As much as reducing your own food waste is very important, it must be noted that households are not solely responsible for food waste. A lot of it is created by the growers. Some is also wasted by supermarkets, who discard produce that doesn’t “look right”, or hurriedly bin products that are still safe to eat but are close to their “use by” or “sell by” date.
But in developed countries, a major amount of food waste is created in the home. In these countries, households can contribute up to 30% of food waste.
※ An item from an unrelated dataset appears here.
(* Consider the discrete-time linear system $x(k+1)=Ax(k)+Bu(k)$ with the polytopic constraint sets $\mathcal{X}$, $\mathcal{U}$, the gain $K$, the terminal set $\mathcal{X}_f$, the matrices $M$, $P$ and the barrier functions $B_x$, $B_u$, $B_f$ described in the context, and suppose conditions (A1)–(A5) of the context hold. Let the feasible set $\mathcal{X}_N$ (defined in the context) have nonempty interior. For $x\in\mathcal{X}_N^\circ$ let $\tilde{\mathbf u}^*(x)=(\tilde u_0^*(x),\dots,\tilde u_{N-1}^*(x))$ be the minimizer of the barrier function based problem $$\tilde J_N^*(x)=\min_{\mathbf u}\ \sum_{k=0}^{N-1}\big[\ell(x_k,u_k)+\varepsilon B_u(u_k)+\varepsilon B_x(x_k)\big]+x_N^\top P x_N+\varepsilon B_f(x_N)$$ subject to $x_0=x$, $x_{k+1}=Ax_k+Bu_k$ (each barrier term being $+\infty$ outside the interior of its domain). Then the feedback $u(k)=\tilde u_0^*(x(k))$ asymptotically stabilizes the origin of the system under strict satisfaction of all input and state constraints for every initial condition $x(0)\in\mathcal{X}_N^\circ$; i.e., for every $x(0)\in\mathcal{X}_N^\circ$ the closed-loop states and inputs remain strictly inside $\mathcal{X}$ and $\mathcal{U}$ for all $k\ge0$, and the origin is asymptotically stable for the closed loop with $\mathcal{X}_N^\circ$ contained in its region of attraction.
   Context: System: $x(k+1)=Ax(k)+Bu(k)$, $A\in\mathbb{R}^{n\times n}$, $B\in\mathbb{R}^{n\times m}$, $(A,B)$ stabilizable. Constraint sets are (compact) polytopes $\mathcal{X}=\{x: C_xx\le d_x\}$, $\mathcal{U}=\{u: C_uu\le d_u\}$ with $C_x\in\mathbb{R}^{q_x\times n}$, $C_u\in\mathbb{R}^{q_u\times m}$, and $d_x\in\mathbb{R}^{q_x}$, $d_u\in\mathbb{R}^{q_u}$ having strictly positive entries; $C^i$ denotes the $i$-th row and $d^i$ the $i$-th entry; $S^\circ$, $\partial S$ denote interior and boundary. Stage cost $\ell(x,u)=x^\top Qx+u^\top Ru$ with $Q$ symmetric positive semidefinite, $R$ symmetric positive definite; horizon $N\in\mathbb{N}_{\ge1}$; barrier weight $\varepsilon>0$; predicted states $x_0=x$, $x_{k+1}=Ax_k+Bu_k$. Recentered logarithmic barriers: for a polytope $\{z: Cz\le d\}$ with $d>0$ entrywise, let $\bar B_i(z)=-\ln(-C^iz+d^i)$ and $\bar B=\sum_i\bar B_i$. The gradient recentered barrier is $\bar B(z)-\bar B(0)-\nabla\bar B(0)^\top z$; the weight recentered barrier is $\sum_i(1+w^i)(\bar B_i(z)-\bar B_i(0))$ with a vector $w\ge0$ chosen such that $\sum_i(1+w^i)\nabla\bar B_i(0)=0$. Conditions: $K\in\mathbb{R}^{m\times n}$ is a stabilizing gain ($A_K:=A+BK$ Schur); $\mathcal{X}_K:=\{x\in\mathcal{X}: Kx\in\mathcal{U}\}$ and $B_K(x):=B_x(x)+B_u(Kx)$. (A1) $B_x$ and $B_u$ are recentered (gradient or weight recentered) logarithmic barrier functions for $\mathcal{X}$ and $\mathcal{U}$. (A2) There is a symmetric positive semidefinite $M$ with $B_K(x)\le x^\top Mx$ for all $x\in\mathcal{N}$, where $\mathcal{N}\subset\mathcal{X}_K$ is convex and compact with $0\in\mathcal{N}^\circ$. (A3) $P$ is symmetric positive definite and solves $P=A_K^\top PA_K+K^\top RK+Q+\varepsilon M$. (A4) The terminal set $\mathcal{X}_f$ is convex and compact with $0\in\mathcal{X}_f$, $\mathcal{X}_f\subset\mathcal{N}\subset\mathcal{X}_K$, and $A_Kx\in\mathcal{X}_f$ for all $x\in\mathcal{X}_f$. (A5) $B_f:\mathcal{X}_f^\circ\to\mathbb{R}_{\ge0}$ is a recentered barrier function for $\mathcal{X}_f$ (convex, continuously differentiable, $B_f(0)=0$, $B_f(x)\to\infty$ as $x\to\partial\mathcal{X}_f$) and $B_f(A_Kx)-B_f(x)\le0$ for all $x\in\mathcal{X}_f^\circ$. Feasible set: $\mathcal{X}_N=\{x\in\mathcal{X}:\exists\,\mathbf u=(u_0,\dots,u_{N-1})$ with $u_k\in\mathcal{U}$, $x_k\in\mathcal{X}$ for $k=0,\dots,N-1$ and $x_N\in\mathcal{X}_f\}$, where $x_k$ are the predicted states from $x_0=x$. *)

theory Defs
  imports "HOL-Analysis.Analysis"
begin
The most obvious reason we should avoid wastage of food is that a lot of it ends up in landfills. It makes up 12.5% of what goes into the waste system, even when some of it (around 2%) does end up getting composted or recycled. The problem is that whilst this seems like a small part of waste, food waste makes up for 34% of methane emissions: a gas that is 20 times more potent than carbon dioxide in its contribution to climate change.
Whilst there are many wider negatives to food waste, you can reap some great personal benefits. Firstly, you can save money. The average American household can throw away up to $2,200 a year in wasted food per year. This can buy you a comfortable vacation for your family.
Next, if you include good meal planning as part of your food waste solutions, it can help control or even lose weight. This is because one way to help reduce food waste is to control your portion sizes. By scaling back your portions to recommended sizes, and shopping accordingly, you can tackle both overeating and reducing the amount of food you throw out at the same time.
So what are we waiting for? Let’s work out how you can build your weekly shopping list. Alternatively, you can skip straight to our free printable weekly shopping list template and calculator should you wish.
Dos and Don’ts
Plan meals – if you plan your meals in advance you can calculate exactly what you need to buy. This will also save you time as you can then get everything you need in a single shop (if possible) rather than popping in and out of stores during the week.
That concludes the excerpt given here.